#### YOUR INSTRUCTIONS
Copy each line in the data that includes the word "using".

#### RECORDS SUPPLIED
——————

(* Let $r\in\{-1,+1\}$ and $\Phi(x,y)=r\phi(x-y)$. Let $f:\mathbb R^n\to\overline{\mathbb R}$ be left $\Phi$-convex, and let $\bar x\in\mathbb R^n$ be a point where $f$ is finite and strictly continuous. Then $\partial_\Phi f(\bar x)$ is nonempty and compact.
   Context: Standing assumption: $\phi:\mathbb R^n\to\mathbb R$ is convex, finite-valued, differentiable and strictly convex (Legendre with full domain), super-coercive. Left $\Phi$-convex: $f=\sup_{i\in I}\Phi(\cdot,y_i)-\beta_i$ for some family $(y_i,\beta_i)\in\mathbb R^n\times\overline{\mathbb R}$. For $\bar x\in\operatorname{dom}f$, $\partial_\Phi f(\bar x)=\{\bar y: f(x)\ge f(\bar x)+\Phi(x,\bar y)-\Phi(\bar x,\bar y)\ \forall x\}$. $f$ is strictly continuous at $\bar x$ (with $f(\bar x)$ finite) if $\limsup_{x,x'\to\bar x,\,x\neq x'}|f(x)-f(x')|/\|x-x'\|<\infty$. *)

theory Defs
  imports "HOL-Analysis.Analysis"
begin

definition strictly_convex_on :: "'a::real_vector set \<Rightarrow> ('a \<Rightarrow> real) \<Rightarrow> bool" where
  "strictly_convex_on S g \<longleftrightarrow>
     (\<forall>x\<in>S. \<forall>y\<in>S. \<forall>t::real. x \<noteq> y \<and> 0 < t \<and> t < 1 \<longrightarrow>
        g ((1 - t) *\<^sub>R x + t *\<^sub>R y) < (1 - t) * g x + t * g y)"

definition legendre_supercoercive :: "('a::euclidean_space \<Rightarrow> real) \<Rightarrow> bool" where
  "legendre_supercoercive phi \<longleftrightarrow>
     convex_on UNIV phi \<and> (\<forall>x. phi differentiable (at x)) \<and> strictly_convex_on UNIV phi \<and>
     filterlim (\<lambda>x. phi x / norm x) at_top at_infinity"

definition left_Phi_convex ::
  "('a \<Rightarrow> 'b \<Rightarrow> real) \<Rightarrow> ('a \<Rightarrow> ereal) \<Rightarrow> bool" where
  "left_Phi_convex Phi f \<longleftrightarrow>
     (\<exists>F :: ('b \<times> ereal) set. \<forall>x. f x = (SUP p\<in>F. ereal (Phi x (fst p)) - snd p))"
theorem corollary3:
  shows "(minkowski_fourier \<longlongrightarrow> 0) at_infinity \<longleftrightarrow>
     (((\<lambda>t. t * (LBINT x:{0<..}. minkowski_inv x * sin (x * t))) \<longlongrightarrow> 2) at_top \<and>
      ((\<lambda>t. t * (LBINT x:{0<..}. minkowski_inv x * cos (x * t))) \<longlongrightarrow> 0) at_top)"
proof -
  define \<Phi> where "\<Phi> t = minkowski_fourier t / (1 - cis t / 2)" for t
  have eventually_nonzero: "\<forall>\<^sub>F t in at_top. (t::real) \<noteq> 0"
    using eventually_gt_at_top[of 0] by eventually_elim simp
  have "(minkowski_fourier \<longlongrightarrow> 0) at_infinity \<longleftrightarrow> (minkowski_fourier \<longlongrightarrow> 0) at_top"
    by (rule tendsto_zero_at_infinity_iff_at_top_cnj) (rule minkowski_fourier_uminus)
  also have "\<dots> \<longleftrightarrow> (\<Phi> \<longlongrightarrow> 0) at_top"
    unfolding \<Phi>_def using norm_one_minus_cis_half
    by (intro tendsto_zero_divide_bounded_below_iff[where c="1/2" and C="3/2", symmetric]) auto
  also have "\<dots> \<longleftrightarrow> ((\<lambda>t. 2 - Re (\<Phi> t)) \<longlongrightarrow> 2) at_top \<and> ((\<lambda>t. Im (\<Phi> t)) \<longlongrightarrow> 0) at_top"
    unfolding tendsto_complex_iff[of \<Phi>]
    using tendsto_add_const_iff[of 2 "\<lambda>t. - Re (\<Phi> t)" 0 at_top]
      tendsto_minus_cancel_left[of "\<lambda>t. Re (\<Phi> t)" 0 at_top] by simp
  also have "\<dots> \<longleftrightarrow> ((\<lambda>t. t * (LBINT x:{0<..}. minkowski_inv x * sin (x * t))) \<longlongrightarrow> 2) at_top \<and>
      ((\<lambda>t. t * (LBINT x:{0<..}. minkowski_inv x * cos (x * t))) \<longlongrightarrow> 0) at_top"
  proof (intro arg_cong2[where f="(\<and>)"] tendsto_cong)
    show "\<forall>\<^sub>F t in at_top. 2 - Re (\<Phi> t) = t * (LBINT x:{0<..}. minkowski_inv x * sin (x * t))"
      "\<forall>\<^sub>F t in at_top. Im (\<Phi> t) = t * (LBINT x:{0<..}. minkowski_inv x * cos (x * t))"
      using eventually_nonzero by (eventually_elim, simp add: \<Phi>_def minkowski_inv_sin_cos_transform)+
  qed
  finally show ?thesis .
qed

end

——————

#### RESULT OF THE EXERCISE
    using eventually_gt_at_top[of 0] by eventually_elim simp
    unfolding \<Phi>_def using norm_one_minus_cis_half
    using tendsto_add_const_iff[of 2 "\<lambda>t. - Re (\<Phi> t)" 0 at_top]
      using eventually_nonzero by (eventually_elim, simp add: \<Phi>_def minkowski_inv_sin_cos_transform)+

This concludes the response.